A prevalent factor to Mrs. Jones’s striking impression is her hefty appearance. This can be shown through many excerpts throughout the story. One of these being, “She was a large woman with a large purse that had everything in it” (Hughes 120). This gives the assumption that she is a very bulky, and intimidating lady. Also, because of her purse with everything in it, one could envision it containing some type of weapon like a brick or some brass knuckles. But remember, Mrs. Jones’s appearance is only the beginning of her frightening demeanor.
As well, her beastly actions also play a very large role in her scary mein. Take for example page 122, where we see that, “The large woman [,Mrs.Luella Bates Washington Jones,] simply turned around and kicked him right square in his blue jean sitter.” Showing that she isn’t only somewhat muscular, but that she is a person that you really don’t want to mess with. Another example of her beefyness, is when it says, “Then she reached down, picked the boy up by his shirt front, and shook him until his teeth rattled” (122). Also, “The woman still had him by the neck in the middle of her room” (122). The image given here just doesn’t look right. As scary as that already is, this “action-packed-factor-of Mrs.-Jones’s-character” only halfway exemplifies Mrs. Jones’s intimidating individuality.
Furthermore, her speech could also encourage the thought that she is a large spooky woman, but it also could be taken that she has killed someone, or is going to kill someone. One of the most significant passages is, “I have done things, too, which I would not tell you” (124). This gives the notion that maybe she has killed someone. Along with that, there’s this, “Then I won’t turn you loose” (122). This gives the same impression as above, only this time it seems that she might do these actions to Roger. Mrs. Jones’s speech however, mainly encourages her alarming nature.
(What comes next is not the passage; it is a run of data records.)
text \<open>Only the two-point term of the Poisson expansion is needed: raising the hardcore distance from
  \<open>\<delta>\<close> to \<open>\<delta>'\<close> removes the pairs at distance in \<open>(\<delta>, \<delta>')\<close>, a set of positive product measure.\<close>

lemma Zf_strict_antimono:
  fixes H :: "'p \<Rightarrow> 'a::euclidean_space set \<Rightarrow> 'a set \<Rightarrow> real" and p q :: 'a
  assumes H_meas: "H \<theta> (Lam n) \<in> borel_measurable (restrict_space config_space tempered)"
    and pq: "p \<in> Lam n" "q \<in> Lam n"
    and \<delta>: "0 \<le> \<delta>" "\<delta> < \<delta>'" "\<delta>' \<le> ereal (dist p q)"
    and fin: "Zf H \<delta>' \<theta> (Lam n) < \<infinity>"
  shows "Zf H \<delta>' \<theta> (Lam n) < Zf H \<delta> \<theta> (Lam n)"
proof -
  define M where "M = PiM {..<2::nat} (\<lambda>_. restrict_space lborel (Lam n :: 'a set))"
  define F where "F d \<omega> = ennreal (exp (- H \<theta> (Lam n) (\<omega> \<inter> Lam n))) *
      (if \<omega> \<inter> Lam n \<in> hardcore d then 1 else 0)" for d \<omega>
  define w where "w x = ennreal (exp (- H \<theta> (Lam n) {x 0, x 1}))" for x :: "nat \<Rightarrow> 'a"
  obtain r0 r1 where r: "\<delta> = ereal r0" "\<delta>' = ereal r1" using \<delta> by (cases \<delta>; cases \<delta>') auto
  define B where "B = {x \<in> space M. r0 < dist (x 0) (x 1) \<and> dist (x 0) (x 1) < r1}"
  have Zf: "Zf H d \<theta> (Lam n) = pois_int (Lam n) (F d)" for d unfolding Zf_def F_def ..
  note [measurable] = measurable_component_restrict_lborel[of 0 "{..<2}" "Lam n"]
    measurable_component_restrict_lborel[of 1 "{..<2}" "Lam n"]
  have [measurable]: "(\<lambda>x. H \<theta> (Lam n) {x 0, x 1}) \<in> borel_measurable M"
    unfolding M_def by (rule measurable_compose[OF measurable_doubleton_config H_meas])
  have [measurable]: "Measurable.pred M (\<lambda>x. x 0 = x 1)"
    unfolding pred_def M_def by (intro measurable_equality_set) measurable
  have [measurable]: "Measurable.pred M (\<lambda>x. d \<le> ereal (dist (x 0) (x 1)))" for d
    unfolding pred_def M_def by (intro borel_measurable_le measurable_const) measurable
  have B_sets[measurable]: "B \<in> sets M" unfolding B_def M_def by measurable
  have F_pair: "F d (x ` {..<2}) = w x * (if x 0 = x 1 \<or> d \<le> ereal (dist (x 0) (x 1)) then 1 else 0)"
    if "x \<in> space M" for d x
  proof -
    have "x 0 \<in> Lam n" "x 1 \<in> Lam n"
      using that unfolding M_def by (auto simp: space_PiM space_restrict_space PiE_def Pi_def)
    moreover have "{..<2::nat} = {0, 1}" by auto
    ultimately have "x ` {..<2} \<inter> Lam n = {x 0, x 1}" by auto
    then show ?thesis by (simp only: F_def w_def doubleton_in_hardcore_iff)
  qed
  have w_meas[measurable]: "w \<in> borel_measurable M" unfolding w_def by measurable
  have [measurable]: "(\<lambda>x. F d (x ` {..<2})) \<in> borel_measurable M" for d
    by (rule measurable_cong[OF F_pair, THEN iffD2]) measurable
  have gap: "F \<delta>' (x ` {..<2}) + w x * indicator B x \<le> F \<delta> (x ` {..<2})" if "x \<in> space M" for x
  proof (cases "x \<in> B")
    case True
    then have "r0 < dist (x 0) (x 1)" "dist (x 0) (x 1) < r1" unfolding B_def by auto
    then show ?thesis unfolding F_pair[OF that] using r \<delta>(1) True by auto
  next
    case False
    have "\<delta> \<le> ereal (dist (x 0) (x 1))" if "\<delta>' \<le> ereal (dist (x 0) (x 1))"
      using \<delta>(2) that by order
    with False show ?thesis unfolding F_pair[OF that] by auto
  qed
  have "0 < emeasure M B"
    unfolding B_def M_def using \<delta> r by (intro emeasure_pairs_at_distance_between_pos[OF pq]) auto
  then have pos: "0 < (\<integral>\<^sup>+ x. w x * indicator B x \<partial>M)"
    by (rule nn_integral_indicator_pos[OF w_meas B_sets]) (simp_all add: w_def)
  have "(\<integral>\<^sup>+ x. F \<delta>' (x ` {..<2}) \<partial>M) + (\<integral>\<^sup>+ x. w x * indicator B x \<partial>M)
      = (\<integral>\<^sup>+ x. F \<delta>' (x ` {..<2}) + w x * indicator B x \<partial>M)"
    by (rule nn_integral_add[symmetric]) measurable
  also have "\<dots> \<le> (\<integral>\<^sup>+ x. F \<delta> (x ` {..<2}) \<partial>M)" by (intro nn_integral_mono gap)
  finally show ?thesis unfolding Zf
    using hardcore_antimono[OF order.strict_implies_order[OF \<delta>(2)]] fin pos
    by (intro pois_int_strict_mono[where k = 2]) (auto simp: F_def Zf M_def)
qed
Lastly, the other character’s thoughts in this story reveal Mrs. Jones’s immense impression even further. Through the thoughts of others, one could perceive that Mrs. Jones is a large, almost bully like woman. A blunt instance that showcases this is when Roger has an opportunity to escape, but didn’t, “Roger looked at the door- looked at the woman- looked at the door-and went to the sink.” (122). Through this, the reader could suppose that Roger has a fearful attitude towards Mrs. Jones, and is afraid of taking the risk of trying to escape. Other character’s thoughts play an important role in explaining a character’s identity, in this case it would be explaining the frightening-ness Mrs. Jones.
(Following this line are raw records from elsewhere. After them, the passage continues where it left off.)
(* Let $N,\beta,\sigma,\gamma,\xi,\eta,D,R,\mathbf{q},\mathbf{p},C,\mathbf{y}_0$ be as follows: $N\ge1$ integer, $\beta,\sigma,\gamma,\xi,\eta,D,R>0$; for $\mathbf{y}=(\mathbf{V}_1,\dots,\mathbf{V}_N,\mathbf{X}_1,\dots,\mathbf{X}_N)\in\mathbb{R}^{4N}$, $\mathbf{q}(\mathbf{y})=(\mathbf{q}_1,\mathbf{q}_2)$ with $q_{1,ik}=\frac{\beta}{N}\sum_{j}\frac{V_{jk}-V_{ik}}{(1+\|\mathbf{X}_j-\mathbf{X}_i\|^2/R^2)^{\sigma}}$, $q_{2,ik}=V_{ik}$ ($k=1,2$); for $r>0$, $\mathbf{p}(r,\mathbf{y},\mathbf{z})=(\mathbf{p}_1,0)$ with $p_{1,i1}=\sum_{j}\int_{-R}^{R}e^{-\frac{(X_{i2}-Z_{j2}-w)^2}{4rD}}\big(e^{-\frac{(X_{i1}-Z_{j1}-\sqrt{R^2-w^2})^2}{4rD}}-e^{-\frac{(X_{i1}-Z_{j1}+\sqrt{R^2-w^2})^2}{4rD}}\big)dw$ and $p_{1,i2}$ defined likewise with the indices $1$ and $2$ of the position components interchanged (here $X_{ik}$, $Z_{ik}$ are the position components of $\mathbf{y}$, $\mathbf{z}$); $C(r)=\frac{\gamma\xi e^{-\eta r}}{4\pi rD}$; $\mathbf{y}_0\in\mathbb{R}^{4N}$. Consider $$\mathbf{y}(t)=\mathbf{y}_0+\int_0^t\Big[\mathbf{q}(\mathbf{y}(\tau))+\int_\tau^t C(s-\tau)\,\mathbf{p}(s-\tau,\mathbf{y}(s),\mathbf{y}(\tau))\,ds\Big]d\tau. \tag{E}$$ Let $\mathbf{y}(t)$ be a solution of (E) on an interval $[0,T)$. If there is a constant $P$ with $\|\mathbf{y}(t)-\mathbf{y}_0\|\le P$ for all $t\in[0,T)$, then there is $\bar T>T$ such that $\mathbf{y}$ can be continued to a solution of (E) on $[0,\bar T]$.
   Context: Equation (E) is the integrated form of a hybrid model of $N$ particles in $\mathbb{R}^2$ with Cucker–Smale alignment and chemotaxis towards a diffusing, degrading signal produced on discs of radius $R$ around the particles (initially zero). $\|\cdot\|$ is the Euclidean norm. *)

theory Defs
  imports "HOL-Analysis.Analysis"
begin

text \<open>State y = (V, X) with V = (V_1,...,V_N), X = (X_1,...,X_N), each V_i, X_i in R^2.
  Particles are indexed by a finite type 'n, so N = CARD('n) >= 1.  The norm on
  the product type is sqrt(norm V ^ 2 + norm X ^ 2), i.e. the Euclidean norm of R^(4N).\<close>

type_synonym 'n state = "(real^2^'n) \<times> (real^2^'n)"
In conclusion, it is undoubtable that the character, Mrs. Luella Bates Washington Jones is a frightening lady. This is shown through her large appearance that displays an outward image of an intimidating and daunting woman. Another facet of this is her thug like actions, this again touches on the point that Mrs. Jones is someone you really don’t want to fool with. Her intimidating speech also shows the point that Mrs. Jones is scary, but also tells us that she might pursue or has already done things that are not appropriate. And last, but not least, other characters’ reflections of Mrs. Jones, this showcases the fact that people have a fearful attitude towards her. So after seeing how Mrs. Jones handled this encountered, what would you do if the same incident were to happen to you?
Work Cited List
Hughes,Langston. “Thank You Ma’am.” Elements of Literature: Third Course. Austin: Holt, Rinehart and Winston, 2000.